I uh.. tried to prove the fundamental theorem of arithmetic which turned out to be beyond me. Anyway it’s easily found on wikipedia or somewhere else.

My implementation is kind of silly as I never even made an exponent procedure, and it uses none of the speedups in the last chapter.

(define (cons-2 x y)
  (if (= x 0)
      (if (= y 0)
          1
          (* 3 (cons-2 x (- y 1))))
      (* 2 (cons-2 (- x 1) y))))

(define (car-2 z)
  (if (not (= 0 (remainder z 2)))
      0
      (+ 1 (car-2 (/ z 2)))))

(define (cdr-2 z)
  (if (not (= 0 (remainder z 3)))
      0
      (+ 1 (cdr-2 (/ z 3)))))

2.6

This… was crazy. I again needed some help from the internet. The key is realizing that the function takes in a function and returns a function which takes an input and applies the input function however many number of times depending on what number it’s representing. I may rewrite the previous sentence some time.

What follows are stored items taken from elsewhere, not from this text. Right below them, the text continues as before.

lemma polynomial_in_x_j_subset_mixed: "polynomial_in_x_j \<subseteq> mixed"
proof
  fix y assume "y \<in> polynomial_in_x_j"
  then obtain p where y: "y = evalL x p" and vars_p: "vars p \<subseteq> {1..n}"
    and exps: "\<And>m. m \<in> Poly_Mapping.keys p \<Longrightarrow> 0 \<le> Poly_Mapping.lookup m j"
    by (blast elim: monomial_spanE)
  have "y = evalL (x(0 := x')) p"
    unfolding y by (rule evalL_cong) (use vars_p in auto)
  also have "\<dots> \<in> mixed"
  proof (rule evalL_in_monomial_span)
    show "vars p \<subseteq> {0..n}"
      using vars_p by auto
    have "0 \<notin> vars p"
      using vars_p by auto
    then show "0 \<le> Poly_Mapping.lookup m j \<and> 0 \<le> Poly_Mapping.lookup m 0"
      if "m \<in> Poly_Mapping.keys p" for m
      using exps[OF that] lookup_eq_0_if_notin_vars[OF _ that] by simp
  qed
  finally show "y \<in> mixed" .
qed

lemma nonneg_exponents_in_mixed:
  assumes vars_q: "vars q \<subseteq> {1..n}" and exps: "\<And>m. m \<in> Poly_Mapping.keys q \<Longrightarrow> 0 \<le> Poly_Mapping.lookup m j"
  shows "evalL (x(j := x')) q \<in> mixed"
proof (rule mixed.evalL_in)
  fix m i assume m: "m \<in> Poly_Mapping.keys q" and i: "i \<in> Poly_Mapping.keys m"
  with vars_q in_varsI[OF m i] have i_range: "i \<in> {1..n}"
    by auto
  show "(x(j := x')) i powi Poly_Mapping.lookup m i \<in> mixed"
  proof (cases "i = j")
    case True
    have "(x(0 := x')) 0 powi 1 \<in> mixed"
      using j_nonzero by (intro power_int_in_monomial_span) (auto simp: lookup_one)
    then show ?thesis
      using True exps[OF m] mixed.power_int_in by simp
  next
    case False
    then have "(x(0 := x')) i powi Poly_Mapping.lookup m i \<in> mixed"
      using i_range by (intro power_int_in_monomial_span) (auto simp: lookup_single)
    with False i_range show ?thesis
      by simp
  qed
qed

So we’re given these two functions and need to create a function that represents one.

(define zero (lambda (f) (lambda (x) x)))

(define (add-1 n)
  (lambda (f) (lambda (x) (f ((n f) x)))))

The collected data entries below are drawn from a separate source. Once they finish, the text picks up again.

(* Every vector configuration $V$ has a subconfiguration $W$ with $\operatorname{rank}(W)\le 2\,\mathrm{DD}(V)$, $\mathrm{DD}(W)=\mathrm{DD}(V)$ and $\mathrm{DD}(V\setminus W)=0$.
   Context: A vector configuration is a finite family (repetitions allowed) $V$ of vectors in $\mathbb{R}^r$; a subconfiguration is a subfamily, $V\setminus W$ is the complementary subfamily, $\operatorname{rank}(W)=\dim\operatorname{lin}(W)$, and cardinalities count multiplicities. The covector discrepancy is $\mathrm{DD}(W)=\max_f\big|\,|\{w\in W: f(w)>0\}|-|\{w\in W:f(w)<0\}|\,\big|$, the maximum over all linear functionals $f$ on $\mathbb{R}^r$. *)

theory Defs
  imports "HOL-Analysis.Analysis"
begin

text \<open>A vector configuration is a finite family, modelled as a map V from a finite
index set I (repetitions allowed) into a Euclidean space; a subconfiguration is
the restriction to a subset J of I, and the complementary subconfiguration is I - J.\<close>

definition pos_count :: "('i \<Rightarrow> 'a::euclidean_space) \<Rightarrow> 'i set \<Rightarrow> ('a \<Rightarrow> real) \<Rightarrow> nat" where
  "pos_count V J f = card {j \<in> J. f (V j) > 0}"

definition neg_count :: "('i \<Rightarrow> 'a::euclidean_space) \<Rightarrow> 'i set \<Rightarrow> ('a \<Rightarrow> real) \<Rightarrow> nat" where
  "neg_count V J f = card {j \<in> J. f (V j) < 0}"

definition DD :: "('i \<Rightarrow> 'a::euclidean_space) \<Rightarrow> 'i set \<Rightarrow> nat" where
  "DD V J = Max {nat \<bar>int (pos_count V J f) - int (neg_count V J f)\<bar> | f. linear f}"

definition rank_conf :: "('i \<Rightarrow> 'a::euclidean_space) \<Rightarrow> 'i set \<Rightarrow> nat" where
  "rank_conf V J = dim (span (V ` J))"

end

theory Submission
  imports Defs
begin

text \<open>Zero vectors, and pairs \<open>u, v\<close> with \<open>u + c v = 0\<close> for some \<open>c > 0\<close>, contribute nothing to
  the signed count \<open>#{f > 0} - #{f < 0}\<close> of any functional \<open>f\<close>. Deleting them until none are left
  yields \<open>W\<close> with \<open>DD(W) = DD(V)\<close> and \<open>DD(V \<setminus> W) = 0\<close>; it remains to show
  \<open>rank W \<le> 2 DD(W)\<close> for such antipodal-free \<open>W\<close>, by induction on the rank.

  For the induction step one finds functionals \<open>h\<^sub>1, h\<^sub>2\<close> such that \<open>h\<^sub>2\<close> has nonzero signed
  count on the hyperplane section \<open>{h\<^sub>1 = 0}\<close>, while the face \<open>{h\<^sub>1 = h\<^sub>2 = 0}\<close> has rank at
  least \<open>rank W - 2\<close>. Perturbing \<open>h\<^sub>1\<close> lexicographically by \<open>h\<^sub>2\<close> and by an optimal functional of the
  face shows \<open>DD(W) \<ge> 1 + DD(face)\<close>. Such a pair \<open>h\<^sub>1, h\<^sub>2\<close> is built by induction over hyperplane
  sections: modulo the span \<open>B\<close> of a subconfiguration of corank 3, the Sylvester--Gallai
  theorem (in Kelly's form) yields an ordinary line, that is vectors \<open>a, b\<close> such that every other
  vector of \<open>span (B \<union> {a, b})\<close> lies in \<open>span (B \<union> {a})\<close> or is a positive multiple of \<open>b\<close> modulo
  \<open>B\<close>; choosing \<open>h\<^sub>1, h\<^sub>2\<close> with these two spans as zero sets makes \<open>h\<^sub>2\<close> of
  constant sign on the vectors left in \<open>{h\<^sub>1 = 0}\<close> after cancelling opposite pairs modulo \<open>B\<close>.\<close>

section \<open>Signed counts of functionals\<close>

definition discrepancy :: "('i \<Rightarrow> 'a::euclidean_space) \<Rightarrow> 'i set \<Rightarrow> ('a \<Rightarrow> real) \<Rightarrow> int" where
  "discrepancy V J f = int (pos_count V J f) - int (neg_count V J f)"

lemma discrepancy_empty [simp]: "discrepancy V {} f = 0"
  by (simp add: discrepancy_def pos_count_def neg_count_def)

lemma discrepancy_uminus: "discrepancy V J (\<lambda>x. - f x) = - discrepancy V J f"
  by (simp add: discrepancy_def pos_count_def neg_count_def)

lemma discrepancy_Un_disjoint:
  assumes "finite A" "finite B" "A \<inter> B = {}"
  shows "discrepancy V (A \<union> B) f = discrepancy V A f + discrepancy V B f"
proof -
  have "{j \<in> A \<union> B. f (V j) > 0} = {j \<in> A. f (V j) > 0} \<union> {j \<in> B. f (V j) > 0}"
    and "{j \<in> A \<union> B. f (V j) < 0} = {j \<in> A. f (V j) < 0} \<union> {j \<in> B. f (V j) < 0}"
    by auto
  then show ?thesis
    unfolding discrepancy_def pos_count_def neg_count_def
    using assms by (simp add: card_Un_disjoint disjoint_iff)
qed

lemma discrepancy_split:
  assumes "finite J"
  shows "discrepancy V J f = discrepancy V {j \<in> J. P j} f + discrepancy V {j \<in> J. \<not> P j} f"
proof -
  have "J = {j \<in> J. P j} \<union> {j \<in> J. \<not> P j}" by auto
  then have "discrepancy V J f = discrepancy V ({j \<in> J. P j} \<union> {j \<in> J. \<not> P j}) f" by simp
  also have "\<dots> = discrepancy V {j \<in> J. P j} f + discrepancy V {j \<in> J. \<not> P j} f"
    using assms by (intro discrepancy_Un_disjoint) auto
  finally show ?thesis .
qed

lemma discrepancy_cong_sgn:
  assumes "\<And>j. j \<in> J \<Longrightarrow> sgn (f (V j)) = sgn (g (V j))"
  shows "discrepancy V J f = discrepancy V J g"
proof -
  have pos: "\<And>x::real. (x > 0) = (sgn x = 1)" and neg: "\<And>x::real. (x < 0) = (sgn x = -1)"
    by (auto simp: sgn_real_def)
  have "{j \<in> J. f (V j) > 0} = {j \<in> J. g (V j) > 0}" "{j \<in> J. f (V j) < 0} = {j \<in> J. g (V j) < 0}"
    unfolding pos neg using assms by auto
  then show ?thesis by (simp add: discrepancy_def pos_count_def neg_count_def)
qed

lemma discrepancy_eq_0_if_vanishing:
  assumes "\<And>j. j \<in> J \<Longrightarrow> f (V j) = 0"
  shows "discrepancy V J f = 0"
proof -
  have e: "{j \<in> J. f (V j) > 0} = {}" "{j \<in> J. f (V j) < 0} = {}" using assms by auto
  show ?thesis unfolding discrepancy_def pos_count_def neg_count_def by (simp add: e)
qed
lemma hermitian_contraction_id_minus_adj_comp:
  fixes T :: "'a::chilbert_space \<Rightarrow> 'a"
  assumes T: "bounded_clinear T" and k: "0 < k" "(onorm T)\<^sup>2 \<le> k"
  shows "hermitian_contraction (\<lambda>x. x - (1 / k) *\<^sub>R adj T (T x))"
proof
  have T': "bounded_clinear (adj T)"
    using T by (rule bounded_clinear_adj)
  show "bounded_clinear (\<lambda>x. x - (1 / k) *\<^sub>R adj T (T x))"
    by (rule bounded_clinear_diff [OF bounded_clinear_ident
        bounded_clinear_scaleR [OF bounded_clinear_compose [OF T' T]]])
  show "cinner (x - (1 / k) *\<^sub>R adj T (T x)) y = cinner x (y - (1 / k) *\<^sub>R adj T (T y))" for x y
    by (simp add: cinner_left.diff cinner_right.diff cinner_scaleR_left cinner_scaleR_right
        cinner_adj_left [OF T] cinner_adj_right [OF T])
  show "norm (x - (1 / k) *\<^sub>R adj T (T x)) \<le> norm x" for x
  proof -
    define t where "t = norm (T x)"
    have "norm (adj T (T x)) \<le> onorm T * t"
      using bounded_clinear_onorm [OF T', of "T x"] by (simp add: onorm_adj [OF T] t_def)
    then have "(norm (adj T (T x)))\<^sup>2 \<le> (onorm T * t)\<^sup>2"
      by (rule power_mono) simp
    also have "\<dots> = (onorm T)\<^sup>2 * t\<^sup>2"
      by (rule power_mult_distrib)
    also have "\<dots> \<le> k * t\<^sup>2"
      using k(2) by (simp add: mult_right_mono)
    finally have "(1 / k)\<^sup>2 * (norm (adj T (T x)))\<^sup>2 \<le> (1 / k) * t\<^sup>2"
      using k(1) by (simp add: power2_eq_square field_simps)
    moreover have "(norm (x - (1 / k) *\<^sub>R adj T (T x)))\<^sup>2
        = (norm x)\<^sup>2 + (1 / k)\<^sup>2 * (norm (adj T (T x)))\<^sup>2 - 2 * ((1 / k) * t\<^sup>2)"
      using k(1) by (simp add: power2_norm_diff cinner_scaleR_right cinner_adj_right [OF T, symmetric]
          Re_cinner_self t_def power_mult_distrib power_divide)
    moreover have "0 \<le> (1 / k) * t\<^sup>2"
      using k(1) by simp
    ultimately have "(norm (x - (1 / k) *\<^sub>R adj T (T x)))\<^sup>2 \<le> (norm x)\<^sup>2"
      by linarith
    then show ?thesis
      by (simp add: power2_le_iff_abs_le)
  qed
qed

lemma ex1_positive_sqrt_adj_comp:
  fixes T :: "'a::chilbert_space \<Rightarrow> 'a"
  assumes T: "bounded_clinear T"
  shows "\<exists>!P. positive_op P \<and> P \<circ> P = adj T \<circ> T"
proof -
  define k where "k = (onorm T)\<^sup>2 + 1"
  have "0 < k"
    by (simp add: k_def add_nonneg_pos)
  define R where "R x = x - (1 / k) *\<^sub>R adj T (T x)" for x
  interpret hermitian_contraction R
    unfolding R_def using T \<open>0 < k\<close> by (rule hermitian_contraction_id_minus_adj_comp) (simp add: k_def)
  \<comment> \<open>\<open>T\<^sup>* T = k (1 - R)\<close>, so \<open>sqrt k\<close> times the square root of \<open>1 - R\<close> is a square
    root of \<open>T\<^sup>* T\<close>\<close>
  define P where "P x = sqrt k *\<^sub>R sqrt_id_minus x" for x
  have P: "positive_op P"
    unfolding P_def using \<open>0 < k\<close> by (intro positive_op_scaleR [OF positive_op_sqrt_id_minus]) simp
  have "bounded_clinear sqrt_id_minus"
    using positive_op_sqrt_id_minus by (simp add: positive_op_def)
  then have PP: "P (P x) = adj T (T x)" for x
    using \<open>0 < k\<close> by (simp add: P_def bounded_clinear_simps(5) sqrt_id_minus_square R_def)
  have unique: "Q = P" if Q: "positive_op Q" and QQ: "Q \<circ> Q = adj T \<circ> T" for Q
  proof (rule positive_sqrt_unique_if_commute [OF Q P])
    have Q_clinear: "bounded_clinear Q"
      using Q by (simp add: positive_op_def)
    show QQ_PP: "Q (Q x) = P (P x)" for x
      using QQ by (simp add: PP fun_eq_iff)
    have "Q (R x) = R (Q x)" for x
      by (simp add: R_def bounded_clinear_simps [OF Q_clinear] flip: QQ_PP PP)
    then show "Q (P x) = P (Q x)" for x
      by (simp add: P_def bounded_clinear_simps [OF Q_clinear]
          commute_sqrt_id_minus [OF bounded_clinear_imp_bounded_linear [OF Q_clinear]])
  qed
  show ?thesis
  proof (rule ex1I [of _ P])
    show "positive_op P \<and> P \<circ> P = adj T \<circ> T"
      using P PP by (simp add: fun_eq_iff)
  qed (use unique in blast)
qed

We’re told to use substitution, so that’s what we do.

(add-1 zero)
(add-1 (lambda (f) (lambda (x) x)))
(lambda (f) (lambda (x) (f (((lambda (f) (lambda (x) x)) f) x))))
(lambda (f) (lambda (x) (f ((lambda (x) x)) x))))
(lambda (f) (lambda (x) (f x)))

Hence the definition of one is

(define one
  (lambda (f) (lambda (x) (f x))))

Similarly for two

(add-1 one)
(add-1 (lambda (f) (lambda (x) (f x))))
(lambda (f) (lambda (x) (f (((lambda (f) (lambda (x) (f x))) f) x))))
(lambda (f) (lambda (x) (f (f x))))
(define two
  (lambda (f) (lambda (x) (f (f x)))))

And as for addition

(define (add-m n m)
  (lambda (f) (lambda (x) ((m f) ((n f) x)))))

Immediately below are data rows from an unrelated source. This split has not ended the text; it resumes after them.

lemma eventually_whp_mono:
  assumes "eventually_whp M \<delta> P" "\<delta> \<le> \<delta>'" "\<And>n \<omega>. P n \<omega> \<Longrightarrow> Q n \<omega>"
  shows "eventually_whp M \<delta>' Q"
  using assms(1) unfolding eventually_whp_def
proof (rule eventually_mono)
  fix n assume "\<exists>A\<in>sets (M n). 1 - \<delta> \<le> measure (M n) A \<and> (\<forall>\<omega>\<in>A. P n \<omega>)"
  then obtain A where "A \<in> sets (M n)" "1 - \<delta> \<le> measure (M n) A" "\<forall>\<omega>\<in>A. P n \<omega>" by blast
  then show "\<exists>A\<in>sets (M n). 1 - \<delta>' \<le> measure (M n) A \<and> (\<forall>\<omega>\<in>A. Q n \<omega>)"
    using assms(2,3) by (intro bexI[of _ A]) auto
qed

lemma eventually_whp_conj:
  assumes "\<And>n. prob_space (M n)" "eventually_whp M \<delta> P" "eventually_whp M \<delta>' Q"
  shows "eventually_whp M (\<delta> + \<delta>') (\<lambda>n \<omega>. P n \<omega> \<and> Q n \<omega>)"
  using assms(2,3) unfolding eventually_whp_def
proof eventually_elim
  case (elim n)
  then obtain A B where A: "A \<in> sets (M n)" "1 - \<delta> \<le> measure (M n) A" "\<forall>\<omega>\<in>A. P n \<omega>"
    and B: "B \<in> sets (M n)" "1 - \<delta>' \<le> measure (M n) B" "\<forall>\<omega>\<in>B. Q n \<omega>" by blast
  interpret prob_space "M n" by fact
  have "measure (M n) (A \<union> B) = measure (M n) A + measure (M n) B - measure (M n) (A \<inter> B)"
    using A B by (intro measure_Un3) (auto simp: fmeasurable_eq_sets)
  moreover have "measure (M n) (A \<union> B) \<le> 1" by simp
  ultimately show ?case using A B by (intro bexI[of _ "A \<inter> B"]) auto
qed

lemma eventually_whp_sections:
  fixes \<gamma> :: real
  assumes "\<And>n. prob_space (M n)" "\<And>n. finite (I n)" "\<And>n. I n \<noteq> {}" "0 < \<gamma>"
    and "eventually_whp (\<lambda>n. M n \<Otimes>\<^sub>M measure_pmf (pmf_of_set (I n))) (\<delta> * \<gamma>) Q"
  shows "eventually_whp M \<delta> (\<lambda>n Z. card {i\<in>I n. \<not> Q n (Z, i)} \<le> \<gamma> * card (I n))"
  using assms(5) unfolding eventually_whp_def
proof eventually_elim
  case (elim n)
  then obtain A where A: "A \<in> sets (M n \<Otimes>\<^sub>M measure_pmf (pmf_of_set (I n)))"
    "1 - \<delta> * \<gamma> \<le> measure (M n \<Otimes>\<^sub>M measure_pmf (pmf_of_set (I n))) A" "\<forall>\<omega>\<in>A. Q n \<omega>" by blast
  obtain B where B: "B \<in> sets (M n)" "1 - \<delta> \<le> measure (M n) B"
    "\<forall>Z\<in>B. card {i\<in>I n. (Z, i) \<notin> A} \<le> \<gamma> * card (I n)"
    using Markov_uniform_sections[OF assms(1-4) A(1,2)] assms(4) by auto
  have fewer: "real (card {i\<in>I n. \<not> Q n (Z, i)}) \<le> card {i\<in>I n. (Z, i) \<notin> A}" for Z
    using A(3) assms(2) by (intro of_nat_mono card_mono) auto
  show ?case using B by (intro bexI[of _ B]) (auto intro: order_trans[OF fewer])
qed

The key is that all the procedures that represent numbers transform functions into function that repeat however many number of times. That is, (four f) would become (f (f (f (f x)))). Therefore we replace f from add-1 with (m f).

Comments: The insanity was strong within this question. I did the substitution at least five times before I was clear about what was happening. I used Bill the Lizard’s site which omits some of the steps in between, but without which I would not have finished this for a much longer amount of time.

2.7

(define (upper-bound x)
  (car x))

(define (lower-bound x)
  (cdr x))

2.8

(define (sub-interval x y)
  (make-interval (- (upper-bound x) (lower-bound y))
                 (- (lower-bound x) (upper-bound y))))

Comments: Sped through two more questions. I used the scheme wiki a bit, which explains things very well.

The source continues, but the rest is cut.